Stored items from a collection:
⟨

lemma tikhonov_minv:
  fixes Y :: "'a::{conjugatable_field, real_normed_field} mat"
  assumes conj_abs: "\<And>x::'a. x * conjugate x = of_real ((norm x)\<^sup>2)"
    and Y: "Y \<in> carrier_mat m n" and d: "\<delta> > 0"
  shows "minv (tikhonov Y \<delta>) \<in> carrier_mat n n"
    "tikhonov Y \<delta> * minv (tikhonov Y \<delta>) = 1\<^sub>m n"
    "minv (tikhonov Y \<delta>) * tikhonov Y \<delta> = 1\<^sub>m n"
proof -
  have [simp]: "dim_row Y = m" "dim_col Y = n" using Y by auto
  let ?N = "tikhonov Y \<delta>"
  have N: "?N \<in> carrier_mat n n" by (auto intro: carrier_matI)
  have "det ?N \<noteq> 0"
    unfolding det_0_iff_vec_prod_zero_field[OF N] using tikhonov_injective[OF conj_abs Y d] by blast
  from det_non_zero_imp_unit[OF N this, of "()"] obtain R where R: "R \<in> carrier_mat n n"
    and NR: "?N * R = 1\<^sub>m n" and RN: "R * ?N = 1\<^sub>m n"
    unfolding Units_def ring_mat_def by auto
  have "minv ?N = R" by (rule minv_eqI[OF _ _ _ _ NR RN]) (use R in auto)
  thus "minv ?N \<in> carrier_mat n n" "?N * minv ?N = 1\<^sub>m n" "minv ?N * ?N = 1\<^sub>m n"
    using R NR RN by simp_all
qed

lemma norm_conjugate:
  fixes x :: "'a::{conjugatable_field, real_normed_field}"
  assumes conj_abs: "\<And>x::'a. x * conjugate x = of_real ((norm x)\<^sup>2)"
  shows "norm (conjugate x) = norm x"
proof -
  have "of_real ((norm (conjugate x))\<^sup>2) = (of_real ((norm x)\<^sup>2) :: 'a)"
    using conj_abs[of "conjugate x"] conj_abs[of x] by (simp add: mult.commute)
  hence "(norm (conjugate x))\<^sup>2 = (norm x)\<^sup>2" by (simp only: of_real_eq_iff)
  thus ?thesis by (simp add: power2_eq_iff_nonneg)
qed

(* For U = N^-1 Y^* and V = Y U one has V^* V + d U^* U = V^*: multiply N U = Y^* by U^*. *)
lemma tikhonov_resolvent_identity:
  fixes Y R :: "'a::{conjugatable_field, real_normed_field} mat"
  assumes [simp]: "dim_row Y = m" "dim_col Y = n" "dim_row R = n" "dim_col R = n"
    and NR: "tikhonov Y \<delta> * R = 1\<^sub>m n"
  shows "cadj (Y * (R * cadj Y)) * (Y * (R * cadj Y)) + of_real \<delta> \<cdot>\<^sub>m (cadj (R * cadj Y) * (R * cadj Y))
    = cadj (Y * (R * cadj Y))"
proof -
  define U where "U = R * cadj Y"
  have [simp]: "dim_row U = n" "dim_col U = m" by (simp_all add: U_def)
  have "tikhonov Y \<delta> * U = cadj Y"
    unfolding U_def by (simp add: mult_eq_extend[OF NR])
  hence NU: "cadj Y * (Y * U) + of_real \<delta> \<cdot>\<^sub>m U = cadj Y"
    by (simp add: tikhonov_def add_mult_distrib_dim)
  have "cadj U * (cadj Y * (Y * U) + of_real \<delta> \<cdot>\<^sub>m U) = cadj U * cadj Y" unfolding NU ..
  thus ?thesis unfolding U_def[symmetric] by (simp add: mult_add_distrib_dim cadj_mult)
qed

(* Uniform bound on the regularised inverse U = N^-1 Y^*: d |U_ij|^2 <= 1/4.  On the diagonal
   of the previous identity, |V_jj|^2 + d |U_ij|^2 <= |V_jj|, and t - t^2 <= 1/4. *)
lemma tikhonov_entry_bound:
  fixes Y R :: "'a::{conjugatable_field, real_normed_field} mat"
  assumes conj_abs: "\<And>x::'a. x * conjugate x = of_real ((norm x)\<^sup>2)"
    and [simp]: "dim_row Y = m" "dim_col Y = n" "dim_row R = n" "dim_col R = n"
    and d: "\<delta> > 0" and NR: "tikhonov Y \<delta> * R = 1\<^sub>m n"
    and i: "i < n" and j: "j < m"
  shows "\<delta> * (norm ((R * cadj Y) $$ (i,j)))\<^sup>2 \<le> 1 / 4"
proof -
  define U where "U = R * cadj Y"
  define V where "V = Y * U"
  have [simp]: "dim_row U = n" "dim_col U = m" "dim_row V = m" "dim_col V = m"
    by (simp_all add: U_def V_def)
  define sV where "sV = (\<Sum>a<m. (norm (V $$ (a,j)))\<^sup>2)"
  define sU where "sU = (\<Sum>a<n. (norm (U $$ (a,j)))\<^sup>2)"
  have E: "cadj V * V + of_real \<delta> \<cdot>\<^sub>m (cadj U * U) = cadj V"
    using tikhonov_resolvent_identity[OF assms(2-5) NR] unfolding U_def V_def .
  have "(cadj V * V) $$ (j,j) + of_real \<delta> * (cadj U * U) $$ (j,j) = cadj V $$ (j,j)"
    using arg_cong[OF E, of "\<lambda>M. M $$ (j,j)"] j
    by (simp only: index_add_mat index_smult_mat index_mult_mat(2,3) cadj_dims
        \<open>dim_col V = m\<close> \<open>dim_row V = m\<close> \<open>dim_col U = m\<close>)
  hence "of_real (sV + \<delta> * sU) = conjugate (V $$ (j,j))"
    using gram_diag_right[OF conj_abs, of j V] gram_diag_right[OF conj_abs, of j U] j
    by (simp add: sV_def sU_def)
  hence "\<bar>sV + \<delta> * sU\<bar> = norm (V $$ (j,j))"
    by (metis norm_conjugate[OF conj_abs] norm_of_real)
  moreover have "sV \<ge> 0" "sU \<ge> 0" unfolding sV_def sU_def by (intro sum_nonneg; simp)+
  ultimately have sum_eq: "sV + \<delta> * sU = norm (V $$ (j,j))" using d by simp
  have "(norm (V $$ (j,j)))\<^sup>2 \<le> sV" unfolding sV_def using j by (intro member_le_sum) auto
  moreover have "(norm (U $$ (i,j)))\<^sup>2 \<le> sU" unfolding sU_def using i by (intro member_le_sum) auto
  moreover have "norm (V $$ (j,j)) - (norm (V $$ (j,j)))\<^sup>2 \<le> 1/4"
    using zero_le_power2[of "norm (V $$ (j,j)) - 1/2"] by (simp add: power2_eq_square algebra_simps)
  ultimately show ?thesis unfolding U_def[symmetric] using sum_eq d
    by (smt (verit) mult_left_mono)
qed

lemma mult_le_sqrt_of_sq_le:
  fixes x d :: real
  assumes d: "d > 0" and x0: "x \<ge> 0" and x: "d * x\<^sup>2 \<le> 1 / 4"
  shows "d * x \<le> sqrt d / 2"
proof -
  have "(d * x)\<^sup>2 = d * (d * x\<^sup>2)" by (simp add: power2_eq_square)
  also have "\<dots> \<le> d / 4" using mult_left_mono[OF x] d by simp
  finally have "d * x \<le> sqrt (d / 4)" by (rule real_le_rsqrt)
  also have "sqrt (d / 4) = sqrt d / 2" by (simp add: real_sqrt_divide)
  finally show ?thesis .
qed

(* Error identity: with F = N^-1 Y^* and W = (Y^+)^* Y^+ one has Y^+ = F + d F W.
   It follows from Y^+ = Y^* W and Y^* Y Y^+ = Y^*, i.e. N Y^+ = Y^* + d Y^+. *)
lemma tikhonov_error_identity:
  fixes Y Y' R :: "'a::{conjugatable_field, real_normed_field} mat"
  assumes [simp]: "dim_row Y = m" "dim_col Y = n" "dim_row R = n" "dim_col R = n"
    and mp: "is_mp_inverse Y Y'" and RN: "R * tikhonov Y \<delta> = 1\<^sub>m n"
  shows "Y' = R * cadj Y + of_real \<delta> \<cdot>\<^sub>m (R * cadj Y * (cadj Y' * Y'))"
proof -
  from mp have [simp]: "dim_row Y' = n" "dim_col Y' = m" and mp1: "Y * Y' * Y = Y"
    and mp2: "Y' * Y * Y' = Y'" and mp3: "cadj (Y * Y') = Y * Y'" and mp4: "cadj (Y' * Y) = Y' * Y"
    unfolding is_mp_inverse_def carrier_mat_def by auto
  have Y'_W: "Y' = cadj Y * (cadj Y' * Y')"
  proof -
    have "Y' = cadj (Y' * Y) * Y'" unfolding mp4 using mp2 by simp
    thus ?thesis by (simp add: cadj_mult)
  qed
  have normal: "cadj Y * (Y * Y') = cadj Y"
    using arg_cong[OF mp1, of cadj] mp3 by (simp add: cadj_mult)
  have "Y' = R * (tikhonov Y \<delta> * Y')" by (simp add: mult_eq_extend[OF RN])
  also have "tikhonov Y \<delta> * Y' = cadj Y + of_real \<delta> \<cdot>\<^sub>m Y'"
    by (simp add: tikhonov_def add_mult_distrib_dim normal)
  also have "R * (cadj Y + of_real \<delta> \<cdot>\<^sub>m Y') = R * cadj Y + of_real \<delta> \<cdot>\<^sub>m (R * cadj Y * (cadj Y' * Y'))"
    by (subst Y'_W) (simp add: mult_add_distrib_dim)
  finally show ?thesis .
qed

⟩

## Task to carry out
Your reply is to repeat, unchanged, the lines above running from the one with "define V where" up to and including the one with "using tikhonov_resolvent_identity[OF assms(2-5)".

## Answer section
  define V where "V = Y * U"
  have [simp]: "dim_row U = n" "dim_col U = m" "dim_row V = m" "dim_col V = m"
    by (simp_all add: U_def V_def)
  define sV where "sV = (\<Sum>a<m. (norm (V $$ (a,j)))\<^sup>2)"
  define sU where "sU = (\<Sum>a<n. (norm (U $$ (a,j)))\<^sup>2)"
  have E: "cadj V * V + of_real \<delta> \<cdot>\<^sub>m (cadj U * U) = cadj V"
    using tikhonov_resolvent_identity[OF assms(2-5) NR] unfolding U_def V_def .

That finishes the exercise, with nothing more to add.